DIRECTIONS FOR THIS TASK: Take the data below and repeat it exactly.

SUPPLIED INFORMATION:

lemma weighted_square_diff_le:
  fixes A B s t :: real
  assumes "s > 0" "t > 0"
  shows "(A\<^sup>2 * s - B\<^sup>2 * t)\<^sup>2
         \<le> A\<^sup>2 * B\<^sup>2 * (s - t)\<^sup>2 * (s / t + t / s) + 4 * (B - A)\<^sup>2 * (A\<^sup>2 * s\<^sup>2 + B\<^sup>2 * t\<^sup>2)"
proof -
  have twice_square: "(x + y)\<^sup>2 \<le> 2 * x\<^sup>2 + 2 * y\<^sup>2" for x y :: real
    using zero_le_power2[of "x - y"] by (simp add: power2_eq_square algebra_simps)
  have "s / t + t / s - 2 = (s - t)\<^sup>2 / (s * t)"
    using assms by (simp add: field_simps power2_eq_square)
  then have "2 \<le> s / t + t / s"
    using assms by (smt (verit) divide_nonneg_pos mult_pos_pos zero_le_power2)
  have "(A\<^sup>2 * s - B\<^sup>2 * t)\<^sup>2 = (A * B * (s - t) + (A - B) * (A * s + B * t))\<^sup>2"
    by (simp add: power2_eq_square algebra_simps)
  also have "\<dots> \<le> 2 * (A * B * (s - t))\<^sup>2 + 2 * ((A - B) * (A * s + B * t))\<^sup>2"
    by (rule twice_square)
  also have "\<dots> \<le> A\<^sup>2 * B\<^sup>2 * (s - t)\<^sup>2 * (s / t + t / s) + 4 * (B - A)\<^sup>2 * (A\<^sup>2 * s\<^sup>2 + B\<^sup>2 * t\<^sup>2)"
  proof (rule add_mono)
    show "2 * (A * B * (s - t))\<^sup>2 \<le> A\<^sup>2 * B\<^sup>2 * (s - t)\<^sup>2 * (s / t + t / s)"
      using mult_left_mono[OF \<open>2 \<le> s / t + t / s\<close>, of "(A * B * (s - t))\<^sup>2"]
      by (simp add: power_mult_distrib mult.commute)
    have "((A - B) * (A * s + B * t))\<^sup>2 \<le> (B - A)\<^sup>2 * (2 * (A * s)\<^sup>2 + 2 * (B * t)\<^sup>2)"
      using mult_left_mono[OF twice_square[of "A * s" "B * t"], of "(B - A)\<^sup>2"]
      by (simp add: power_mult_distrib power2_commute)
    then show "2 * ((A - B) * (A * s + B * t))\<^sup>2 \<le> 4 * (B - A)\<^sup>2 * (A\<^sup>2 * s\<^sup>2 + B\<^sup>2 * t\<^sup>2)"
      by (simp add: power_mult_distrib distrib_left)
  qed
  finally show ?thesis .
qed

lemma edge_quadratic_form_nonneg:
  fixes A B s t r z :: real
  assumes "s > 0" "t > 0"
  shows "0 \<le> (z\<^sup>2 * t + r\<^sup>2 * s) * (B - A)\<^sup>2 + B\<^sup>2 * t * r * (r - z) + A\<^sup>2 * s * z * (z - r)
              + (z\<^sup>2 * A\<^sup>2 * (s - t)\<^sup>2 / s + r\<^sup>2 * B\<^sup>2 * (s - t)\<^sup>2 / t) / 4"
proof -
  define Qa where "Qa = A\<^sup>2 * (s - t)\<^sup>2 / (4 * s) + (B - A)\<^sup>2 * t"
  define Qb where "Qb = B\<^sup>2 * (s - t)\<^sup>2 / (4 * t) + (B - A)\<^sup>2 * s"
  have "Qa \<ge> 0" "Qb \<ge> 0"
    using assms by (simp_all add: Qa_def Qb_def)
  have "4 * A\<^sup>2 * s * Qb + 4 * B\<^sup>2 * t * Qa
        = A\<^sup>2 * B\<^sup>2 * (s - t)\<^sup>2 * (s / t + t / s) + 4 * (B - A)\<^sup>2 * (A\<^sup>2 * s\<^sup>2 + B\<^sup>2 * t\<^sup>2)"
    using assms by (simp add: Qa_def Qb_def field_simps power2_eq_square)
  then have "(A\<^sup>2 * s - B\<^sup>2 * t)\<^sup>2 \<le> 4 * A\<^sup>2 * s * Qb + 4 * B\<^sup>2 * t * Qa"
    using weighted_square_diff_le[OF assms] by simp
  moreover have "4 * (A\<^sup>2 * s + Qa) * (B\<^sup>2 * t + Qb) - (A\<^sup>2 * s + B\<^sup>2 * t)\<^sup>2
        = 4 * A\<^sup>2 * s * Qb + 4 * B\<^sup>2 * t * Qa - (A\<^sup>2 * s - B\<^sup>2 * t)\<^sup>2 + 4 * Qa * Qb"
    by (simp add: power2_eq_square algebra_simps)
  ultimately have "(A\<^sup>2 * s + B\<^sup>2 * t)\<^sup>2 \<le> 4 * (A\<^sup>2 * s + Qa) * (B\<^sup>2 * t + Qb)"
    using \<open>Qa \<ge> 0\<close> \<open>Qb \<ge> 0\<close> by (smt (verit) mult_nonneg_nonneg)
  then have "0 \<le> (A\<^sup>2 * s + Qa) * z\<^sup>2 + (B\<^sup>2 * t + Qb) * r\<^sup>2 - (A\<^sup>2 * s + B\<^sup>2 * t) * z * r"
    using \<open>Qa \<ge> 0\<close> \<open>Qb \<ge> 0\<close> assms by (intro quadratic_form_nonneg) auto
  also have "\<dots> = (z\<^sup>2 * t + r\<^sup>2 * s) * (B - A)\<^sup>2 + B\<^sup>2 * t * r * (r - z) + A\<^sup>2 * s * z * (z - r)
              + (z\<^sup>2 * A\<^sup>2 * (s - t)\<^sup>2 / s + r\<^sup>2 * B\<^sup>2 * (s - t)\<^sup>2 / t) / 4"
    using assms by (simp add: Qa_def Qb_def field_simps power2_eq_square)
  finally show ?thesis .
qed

OUTPUT BELOW:
lemma weighted_square_diff_le:
  fixes A B s t :: real
  assumes "s > 0" "t > 0"
  shows "(A\<^sup>2 * s - B\<^sup>2 * t)\<^sup>2
         \<le> A\<^sup>2 * B\<^sup>2 * (s - t)\<^sup>2 * (s / t + t / s) + 4 * (B - A)\<^sup>2 * (A\<^sup>2 * s\<^sup>2 + B\<^sup>2 * t\<^sup>2)"
proof -
  have twice_square: "(x + y)\<^sup>2 \<le> 2 * x\<^sup>2 + 2 * y\<^sup>2" for x y :: real
    using zero_le_power2[of "x - y"] by (simp add: power2_eq_square algebra_simps)
  have "s / t + t / s - 2 = (s - t)\<^sup>2 / (s * t)"
    using assms by (simp add: field_simps power2_eq_square)
  then have "2 \<le> s / t + t / s"
    using assms by (smt (verit) divide_nonneg_pos mult_pos_pos zero_le_power2)
  have "(A\<^sup>2 * s - B\<^sup>2 * t)\<^sup>2 = (A * B * (s - t) + (A - B) * (A * s + B * t))\<^sup>2"
    by (simp add: power2_eq_square algebra_simps)
  also have "\<dots> \<le> 2 * (A * B * (s - t))\<^sup>2 + 2 * ((A - B) * (A * s + B * t))\<^sup>2"
    by (rule twice_square)
  also have "\<dots> \<le> A\<^sup>2 * B\<^sup>2 * (s - t)\<^sup>2 * (s / t + t / s) + 4 * (B - A)\<^sup>2 * (A\<^sup>2 * s\<^sup>2 + B\<^sup>2 * t\<^sup>2)"
  proof (rule add_mono)
    show "2 * (A * B * (s - t))\<^sup>2 \<le> A\<^sup>2 * B\<^sup>2 * (s - t)\<^sup>2 * (s / t + t / s)"
      using mult_left_mono[OF \<open>2 \<le> s / t + t / s\<close>, of "(A * B * (s - t))\<^sup>2"]
      by (simp add: power_mult_distrib mult.commute)
    have "((A - B) * (A * s + B * t))\<^sup>2 \<le> (B - A)\<^sup>2 * (2 * (A * s)\<^sup>2 + 2 * (B * t)\<^sup>2)"
      using mult_left_mono[OF twice_square[of "A * s" "B * t"], of "(B - A)\<^sup>2"]
      by (simp add: power_mult_distrib power2_commute)
    then show "2 * ((A - B) * (A * s + B * t))\<^sup>2 \<le> 4 * (B - A)\<^sup>2 * (A\<^sup>2 * s\<^sup>2 + B\<^sup>2 * t\<^sup>2)"
      by (simp add: power_mult_distrib distrib_left)
  qed
  finally show ?thesis .
qed

lemma edge_quadratic_form_nonneg:
  fixes A B s t r z :: real
  assumes "s > 0" "t > 0"
  shows "0 \<le> (z\<^sup>2 * t + r\<^sup>2 * s) * (B - A)\<^sup>2 + B\<^sup>2 * t * r * (r - z) + A\<^sup>2 * s * z * (z - r)
              + (z\<^sup>2 * A\<^sup>2 * (s - t)\<^sup>2 / s + r\<^sup>2 * B\<^sup>2 * (s - t)\<^sup>2 / t) / 4"
proof -
  define Qa where "Qa = A\<^sup>2 * (s - t)\<^sup>2 / (4 * s) + (B - A)\<^sup>2 * t"
  define Qb where "Qb = B\<^sup>2 * (s - t)\<^sup>2 / (4 * t) + (B - A)\<^sup>2 * s"
  have "Qa \<ge> 0" "Qb \<ge> 0"
    using assms by (simp_all add: Qa_def Qb_def)
  have "4 * A\<^sup>2 * s * Qb + 4 * B\<^sup>2 * t * Qa
        = A\<^sup>2 * B\<^sup>2 * (s - t)\<^sup>2 * (s / t + t / s) + 4 * (B - A)\<^sup>2 * (A\<^sup>2 * s\<^sup>2 + B\<^sup>2 * t\<^sup>2)"
    using assms by (simp add: Qa_def Qb_def field_simps power2_eq_square)
  then have "(A\<^sup>2 * s - B\<^sup>2 * t)\<^sup>2 \<le> 4 * A\<^sup>2 * s * Qb + 4 * B\<^sup>2 * t * Qa"
    using weighted_square_diff_le[OF assms] by simp
  moreover have "4 * (A\<^sup>2 * s + Qa) * (B\<^sup>2 * t + Qb) - (A\<^sup>2 * s + B\<^sup>2 * t)\<^sup>2
        = 4 * A\<^sup>2 * s * Qb + 4 * B\<^sup>2 * t * Qa - (A\<^sup>2 * s - B\<^sup>2 * t)\<^sup>2 + 4 * Qa * Qb"
    by (simp add: power2_eq_square algebra_simps)
  ultimately have "(A\<^sup>2 * s + B\<^sup>2 * t)\<^sup>2 \<le> 4 * (A\<^sup>2 * s + Qa) * (B\<^sup>2 * t + Qb)"
    using \<open>Qa \<ge> 0\<close> \<open>Qb \<ge> 0\<close> by (smt (verit) mult_nonneg_nonneg)
  then have "0 \<le> (A\<^sup>2 * s + Qa) * z\<^sup>2 + (B\<^sup>2 * t + Qb) * r\<^sup>2 - (A\<^sup>2 * s + B\<^sup>2 * t) * z * r"
    using \<open>Qa \<ge> 0\<close> \<open>Qb \<ge> 0\<close> assms by (intro quadratic_form_nonneg) auto
  also have "\<dots> = (z\<^sup>2 * t + r\<^sup>2 * s) * (B - A)\<^sup>2 + B\<^sup>2 * t * r * (r - z) + A\<^sup>2 * s * z * (z - r)
              + (z\<^sup>2 * A\<^sup>2 * (s - t)\<^sup>2 / s + r\<^sup>2 * B\<^sup>2 * (s - t)\<^sup>2 / t) / 4"
    using assms by (simp add: Qa_def Qb_def field_simps power2_eq_square)
  finally show ?thesis .
qed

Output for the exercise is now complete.